WORLD’S LARGEST FREE KITCHEN (LANGAR)
The Golden Temple serves free hot meals to an average of 100000 people every day, without discrimination through the efforts of the members of the community, symbolising sharing, inclusiveness and unity. The food served here is vegetarian so that anyone visiting the temple can have a meal. The kitchen is managed by volunteers who render their services free of charge for the temple.
ARDAAS – The only constant sound in the complex is the tune of ARDAAS or prayer. In order to make the meaning clear to the visitors who don’t know Punjabi, screens have been installed that translate the prayer into several languages including Hindi, English and Urdu.
THINGS TO TAKE CARE OF WHILE VISITING THE GOLDEN TEMPLE
All visitors are required to wear a head cover to show respect to the place.
All visitors must wear clothes that fully cover the body.
All visitors must cleanse themselves by washing their hands and feet before entering the complex.
All visitors are required to be barefoot and therefore submit their footwear in the cloakroom prior to entering the temple. The service is free.
All visitors must care about the sanctity of the place and must not litter or carry any non-vegetarian food with themselves.
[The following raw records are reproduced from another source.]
(* Let $G$ be a connected graph with infinitely many nodes. Then the enlargement ${}^{*}G$ has either exactly one galaxy (its principal galaxy) or infinitely many galaxies.
   Context: Conventions. $G=\{X,B\}$ is a graph whose branches are two-element subsets of $X$, and $d$ is the graph distance. Fix a free ultrafilter $\mathcal F$ on $\mathbb N$. Hypernodes and enlargement. Hypernodes are classes $[x_n]$ of node sequences, with two sequences identified when they agree on a set in $\mathcal F$. A standard hypernode is the class of a constant sequence. ${}^{*}G$ consists of the hypernodes and the hyperbranches $[\{x_n,y_n\}]$ with $\{n:\{x_n,y_n\}\in B\}\in\mathcal F$. Galaxies. Hypernodes $[x_n]$ and $[y_n]$ are limitedly distant if $\{n:d(x_n,y_n)\le k\}\in\mathcal F$ for some $k\in\mathbb N$. Galaxies are the classes of this equivalence relation, together with the hyperbranches between their hypernodes. The principal galaxy contains the standard hypernodes. *)

theory Defs
  imports Main
begin

definition free_ultrafilter :: "nat set set \<Rightarrow> bool" where
  "free_ultrafilter U \<longleftrightarrow>
     UNIV \<in> U \<and> {} \<notin> U \<and>
     (\<forall>A B. A \<in> U \<and> B \<in> U \<longrightarrow> A \<inter> B \<in> U) \<and>
     (\<forall>A B. A \<in> U \<and> A \<subseteq> B \<longrightarrow> B \<in> U) \<and>
     (\<forall>A. A \<in> U \<or> - A \<in> U) \<and>
     (\<forall>A. finite A \<longrightarrow> A \<notin> U)"

definition graph :: "'a set \<Rightarrow> 'a set set \<Rightarrow> bool" where
  "graph X B \<longleftrightarrow> (\<forall>e\<in>B. \<exists>x y. x \<in> X \<and> y \<in> X \<and> x \<noteq> y \<and> e = {x, y})"
(* Let $\mathcal I=(I_1,\dots,I_p)$ be an ideal marking of the unit disk $\mathbb D$. For any two distinct unordered pairs $\{m,n\}\neq\{m',n'\}$ of non-adjacent indices with $\overline{\mathcal W}_{mn}>2$ and $\overline{\mathcal W}_{m'n'}>2$, the truncated quadrilaterals $\Pi_{mn}$ and $\Pi_{m'n'}$ are disjoint. Consequently the vertical foliations $\mathcal F_{mn}$ of all the $\Pi_{mn}$ together form a lamination $\mathcal F(\mathbb D,\mathcal I)$ of $\mathbb D$ supported on $\bigsqcup\Pi_{mn}$.
   Context: An ideal marking of $\mathbb D$ of cardinality $p$ is a tiling of the unit circle $\mathbb T=\partial\mathbb D$ into closed arcs $I_1,\dots,I_p$ listed in cyclic order, indices taken in $\mathbb Z/p\mathbb Z$; indices $m,n$ are adjacent if $|m-n|\le1$ in $\mathbb Z/p\mathbb Z$. For non-adjacent $m,n$, $\overline\Pi_{mn}$ denotes $\mathbb D$ regarded as a conformal quadrilateral with horizontal sides $I_m$ and $I_n$, and $\overline{\mathcal W}_{mn}$ is its width, i.e. the extremal width of the family of paths in $\mathbb D$ joining $I_m$ to $I_n$. When $\overline{\mathcal W}_{mn}>2$, let $\phi:\overline\Pi_{mn}\to(0,\overline{\mathcal W}_{mn})\times(0,1)$ be the conformal map sending $I_m$ to the bottom side and $I_n$ to the top side; the truncated quadrilateral is $\Pi_{mn}=\phi^{-1}\big((1,\overline{\mathcal W}_{mn}-1)\times(0,1)\big)$ (the two end squares are removed), and $\mathcal F_{mn}$ is the pullback under $\phi$ of the foliation by vertical segments. Its width is $\mathcal W_{mn}=\overline{\mathcal W}_{mn}-2$; set $\mathcal W_{mn}=0$ if $\overline{\mathcal W}_{mn}\le2$. *)

theory Defs
  imports "HOL-Complex_Analysis.Complex_Analysis"
begin

definition ideal_marking :: "nat \<Rightarrow> (nat \<Rightarrow> real) \<Rightarrow> bool" where
  "ideal_marking p \<theta> \<longleftrightarrow> 1 \<le> p \<and> (\<forall>k. Suc k < p \<longrightarrow> \<theta> k < \<theta> (Suc k))
      \<and> \<theta> (p - 1) < \<theta> 0 + 2 * pi"
(* For every FEE problem $(I,O,\succsim_I,\omega)$ and every FTTC mechanism on the full preference domain, the output assignment $p$ is individually rational (i.e., $p_i\succsim^{sd}_i\omega_i$ for all $i\in I$) and sd-efficient (no assignment strictly stochastically dominates $p$).
   Context: Fractional endowment exchange (FEE) problem: a tuple $(I,O,\succsim_I,\omega)$ where $I$ is a finite set of agents, $O$ a finite set of objects, each agent $i$ has a complete and transitive (possibly non-strict) preference relation $\succsim_i$ over $O$ with asymmetric part $\succ_i$ and symmetric part $\sim_i$, and $\omega=(\omega_{i,o})_{i\in I,o\in O}$ is an endowment matrix with $\omega_{i,o}\in[0,1]$, $\sum_{o\in O}\omega_{i,o}\le 1$ for each $i$, and $q_o=\sum_{i\in I}\omega_{i,o}$ an integer for each $o$. An assignment is a nonnegative matrix $p=(p_{i,o})$ with $\sum_i p_{i,o}\le q_o$ for all $o$ and $\sum_o p_{i,o}\le 1$ for all $i$; $p_i=(p_{i,o})_{o\in O}$ is $i$'s lottery. Stochastic dominance: for vectors $l,l'\in\mathbb R^{O}_+$, $l\succsim^{sd}_i l'$ if $\sum_{o'\succsim_i o}l_{o'}\ge\sum_{o'\succsim_i o}l'_{o'}$ for all $o\in O$, strictly ($\succ^{sd}_i$) if moreover some inequality is strict. An assignment $p$ strictly stochastically dominates $p'$ if $p_i\succsim^{sd}_ip'_i$ for all $i$ and $p_j\succ^{sd}_jp'_j$ for some $j$. FTTC (Fractional Top Trading Cycle) on the full preference domain. Initialize $\omega(0)=\omega$, $p(0)=0$, $O(0)=O$. At step $d\ge1$ (with $O(d-1)\ne\emptyset$): (i) Labeling. Put $T_0=O(d-1)$. For $k=1,2,\dots$: let $L_k$ be the set of agents $i\notin L_1\cup\dots\cup L_{k-1}$ for which there exist $o\in T_{k-1}$ and $o'\in O\setminus(T_0\cup\dots\cup T_{k-1})$ with $p_{i,o'}(d-1)>0$ and $o\sim_i o'$; for $i\in L_k$ let $\tilde O_i(d-1)$ be the set of all such $o'$ for this $i$, and let $T_k=\bigcup_{i\in L_k}\tilde O_i(d-1)$. Stop at the first $k$ with $L_k=\emptyset$. Set $L(d-1)=\bigcup_k L_k$, $\tilde O(d-1)=\bigcup_{k\ge1}T_k$, $\overline{O}(d-1)=O(d-1)\cup\tilde O(d-1)$, and $\tilde O_i(d-1)=\emptyset$ for $i\notin L(d-1)$. (ii) Pointing. The active agents are $I(d-1)=L(d-1)\cup\{i\in I:\sum_o\omega_{i,o}(d-1)>0\}$. For $i\in I(d-1)$ let $B_i$ be the set of $\succsim_i$-maximal elements of $\overline{O}(d-1)$, let $k_i$ be the least $k\ge0$ with $B_i\cap T_k\ne\emptyset$, and let $A_i(d)=B_i\cap T_{k_i}$. (iii) Trading. The mechanism chooses (possibly depending on the history): a ratio matrix $\lambda(d)=(\lambda_{i,o}(d))_{i\in I(d-1),o\in\overline{O}(d-1)}$, nonnegative, with $\sum_{i\in I(d-1)}\lambda_{i,o}(d)=1$ for each $o\in\overline O(d-1)$, $\lambda_{i,o}(d)>0$ only if $\omega_{i,o}(d-1)>0$ (for $o\in O(d-1)$) and only if $o\in\tilde O_i(d-1)$ (for $o\in\tilde O(d-1)$); a quota matrix $\beta(d)$ on $I(d-1)\times O(d-1)$ with $0\le\beta_{i,o}(d)\le\omega_{i,o}(d-1)$; a division matrix $\gamma(d)$ on $I(d-1)\times\overline O(d-1)$, nonnegative, with $\sum_o\gamma_{i,o}(d)=1$ and $\gamma_{i,o}(d)>0$ only if $o\in A_i(d)$. Let $x^*(d)=(x^*_a(d))_{a\in I(d-1)\cup\overline O(d-1)}$ be the maximum (componentwise largest) nonnegative solution of $x_o=\sum_{i\in I(d-1)}\gamma_{i,o}(d)x_i$ for all $o\in\overline O(d-1)$ and $x_i=\sum_{o\in\overline O(d-1)}\lambda_{i,o}(d)x_o$ for all $i\in I(d-1)$, subject to $\lambda_{i,o}(d)x_o\le\beta_{i,o}(d)$ for $o\in O(d-1)$ and $\lambda_{i,o}(d)x_o\le p_{i,o}(d-1)$ for $o\in\tilde O(d-1)$. For $i\in I(d-1)$: $\omega_{i,o}(d)=\omega_{i,o}(d-1)-\lambda_{i,o}(d)x^*_o(d)$ if $o\in O(d-1)$ and $0$ otherwise; $p_{i,o}(d)=p_{i,o}(d-1)-\mathbf 1[o\in\tilde O_i(d-1)]\lambda_{i,o}(d)x^*_o(d)+\gamma_{i,o}(d)x^*_i(d)$ (with $\gamma_{i,o}(d)=0$ for $o\notin\overline O(d-1)$). For $i\notin I(d-1)$, $\omega_i(d)=\omega_i(d-1)$, $p_i(d)=p_i(d-1)$. Let $O(d)=\{o\in O(d-1):\sum_i\omega_{i,o}(d)>0\}$. If $O(d)=\emptyset$ stop and output $p(d)$; otherwise go to step $d+1$. (Standing assumption: the maximum solution exists at each step and the procedure ends after finitely many steps.) An FTTC mechanism is specified by a rule choosing $\lambda(d),\beta(d),\gamma(d)$ at every step. *)

theory Defs
  imports Complex_Main
begin
lemma is_fork_honest_part:
  assumes f: "is_fork (w @ u) V l"
  shows "is_fork w (honest_part w V l) l"
proof -
  let ?H = "honest_part w V l"
  note sub = honest_part_subset[of w V l] and self = honest_vertex_in_honest_part[of _ V w l]
  show ?thesis
    unfolding is_fork_def
  proof (intro conjI ballI allI impI)
    show "finite ?H" using is_fork_finite[OF f] sub by (rule finite_subset[rotated])
    show "[] \<in> ?H" using self[OF is_fork_root[OF f]] by (simp add: honest_vertex_def)
    show "l [] = 0" using is_fork_label_root[OF f] .
  next
    fix v x assume "v \<in> ?H" "prefix x v"
    then show "x \<in> ?H" unfolding honest_part_def
      using is_fork_prefix_closed[OF f] prefix_order.order_trans by blast
  next
    fix v assume "v \<in> ?H"
    then obtain h where "v \<in> V" "h \<in> V" "prefix v h" "honest_vertex w l h"
      unfolding honest_part_def by blast
    then show "l v \<le> length w"
      using is_fork_label_mono[OF f] honest_vertex_label_le[OF f] by (meson order.trans)
  next
    fix x v assume "x \<in> ?H" "v \<in> ?H" "strict_prefix x v"
    then show "l x < l v" using is_fork_label_less[OF f] sub by blast
  next
    fix i assume i: "honest_idx w i"
    then have "card {v \<in> V. l v = i} = 1" using is_fork_honest_unique[OF f honest_idx_append] by blast
    moreover have "{v \<in> ?H. l v = i} = {v \<in> V. l v = i}"
      using self i sub unfolding honest_vertex_def by blast
    ultimately show "card {v \<in> ?H. l v = i} = 1" by simp
  next
    fix x v assume "x \<in> ?H" "v \<in> ?H" "honest_idx w (l x) \<and> honest_idx w (l v) \<and> l x < l v"
    then show "length x < length v"
      using is_fork_honest_depth[OF f] honest_idx_append sub by blast
  qed
qed

lemma closed_fork_honest_part:
  assumes f: "is_fork (w @ u) V l"
  shows "closed_fork w (honest_part w V l) l"
  unfolding closed_fork_def
proof (intro conjI allI impI is_fork_honest_part[OF f])
  fix v assume leaf: "is_leaf (honest_part w V l) v"
  then obtain h where "h \<in> V" "prefix v h" "honest_vertex w l h"
    unfolding is_leaf_def honest_part_def by blast
  moreover have "h \<in> honest_part w V l" using honest_vertex_in_honest_part calculation by blast
  ultimately show "honest_vertex w l v" using leaf unfolding is_leaf_def by (metis strict_prefix_def)
qed

lemma fork_height_honest_part_less:
  assumes f: "is_fork (w @ [False]) V l"
  shows "fork_height (honest_part w V l) < fork_height V"
proof -
  let ?H = "honest_part w V l"
  have "card {v \<in> V. l v = Suc (length w)} = 1"
    using is_fork_honest_unique[OF f] by (simp add: honest_idx_snoc)
  then obtain u where "{v \<in> V. l v = Suc (length w)} = {u}" by (rule card_1_singletonE)
  then have u: "u \<in> V" "l u = Suc (length w)" by auto
  have "u \<noteq> []" using u(2) is_fork_label_root[OF f] by auto
  have shallower: "length h < length u" if "h \<in> V" "honest_vertex w l h" for h
  proof (cases "h = []")
    case False
    then have "honest_idx w (l h)" using that(2) unfolding honest_vertex_def by simp
    moreover from this have "l h < l u" using u(2) unfolding honest_idx_def by simp
    ultimately show ?thesis
      using is_fork_honest_depth[OF f that(1) u(1)] u(2) by (simp add: honest_idx_snoc honest_idx_append)
  qed (use \<open>u \<noteq> []\<close> in simp)
  have "length v < length u" if v: "v \<in> ?H" for v
  proof -
    obtain h where "h \<in> V" "prefix v h" "honest_vertex w l h"
      using v unfolding honest_part_def by blast
    then show ?thesis using shallower prefix_length_le by (meson le_less_trans)
  qed
  moreover have fH: "is_fork w ?H l" using closed_fork_honest_part[OF f] unfolding closed_fork_def ..
  then obtain d where "d \<in> ?H" "length d = fork_height ?H"
    using fork_height_attained[OF is_fork_finite[OF fH]] is_fork_root[OF fH] by blast
  ultimately have "fork_height ?H < length u" by metis
  also have "\<dots> \<le> fork_height V" using fork_height_ge[OF is_fork_finite[OF f] u(1)] .
  finally show ?thesis .
qed

lemma rho_fork_snoc_False_le:
  assumes f: "is_fork (w @ [False]) V l"
  shows "rho_fork (w @ [False]) V l \<le> max (rho_fork w (honest_part w V l) l - 1) 0"
  unfolding rho_fork_le_iff[OF f]
proof
  let ?H = "honest_part w V l"
  have fH: "is_fork w ?H l" using closed_fork_honest_part[OF f] unfolding closed_fork_def by simp
  fix v assume "v \<in> V"
  then obtain h where h: "prefix h v" "honest_vertex (w @ [False]) l h"
    and le: "reach (w @ [False]) V l v \<le> reach (w @ [False]) V l h"
    using reach_le_honest_ancestor[OF f] by blast
  have hV: "h \<in> V" using is_fork_prefix_closed[OF f \<open>v \<in> V\<close> h(1)] .
  consider "honest_vertex w l h" | "l h = Suc (length w)"
    using h(2) unfolding honest_vertex_def by (auto simp: honest_idx_snoc)
  then have "reach (w @ [False]) V l h \<le> max (rho_fork w ?H l - 1) 0"
  proof cases
    case 1
    then have hH: "h \<in> ?H" using hV unfolding honest_part_def by blast
    have "fork_height ?H < fork_height V" by (rule fork_height_honest_part_less[OF f])
    moreover have "length h \<le> fork_height ?H" using fork_height_ge[OF is_fork_finite[OF fH] hH] .
    ultimately have "reach (w @ [False]) V l h \<le> reach w ?H l h - 1"
      unfolding reach_def gap_def by (simp add: reserve_snoc_False)
    also have "\<dots> \<le> rho_fork w ?H l - 1" using reach_le_rho_fork[OF fH hH] by simp
    finally show ?thesis by simp
  next
    case 2
    then have "reserve (w @ [False]) l h = 0" by (simp add: reserve_eq_0)
    then show ?thesis unfolding reach_def by simp
  qed
  with le show "reach (w @ [False]) V l v \<le> max (rho_fork w ?H l - 1) 0" by simp
qed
All visitors must submit their luggage in the cloakroom. The service is free. But if you have valuables with you, paid cloakroom services are also available.
HOW TO REACH THE GOLDEN TEMPLE
If you are visiting India, the nearest international airport is NEW DELHI. Amritsar is around 500 km from there. You can take a bus from the Kashmere Gate ISBT(Inter-State Bus Terminal) in New Delhi or book a private bus through ticketing apps and take your seat from their place of departure. The buses are frequent and the journey takes 6-7 hours.
You may also opt for a train journey. Trains are frequent too but seat availability varies. The journey takes 6-7 hours and trains depart from one of the various railway stations of New Delhi.
If you are in any other part of the country, Amritsar is well connected by the Indian Railways with many long distance trains passing through its railway station.
The place is so good you may wanna spend a day or two on the holy campus. As such, adequate accommodations are available for anyone wanting to do so. You can opt for the community hall to separate rooms.
NRI’s(Non-Resident Indians) can avail the NRI block to stay.
Of course, there are hotels outside the complex that will definitely have rooms keeping in mind your budget.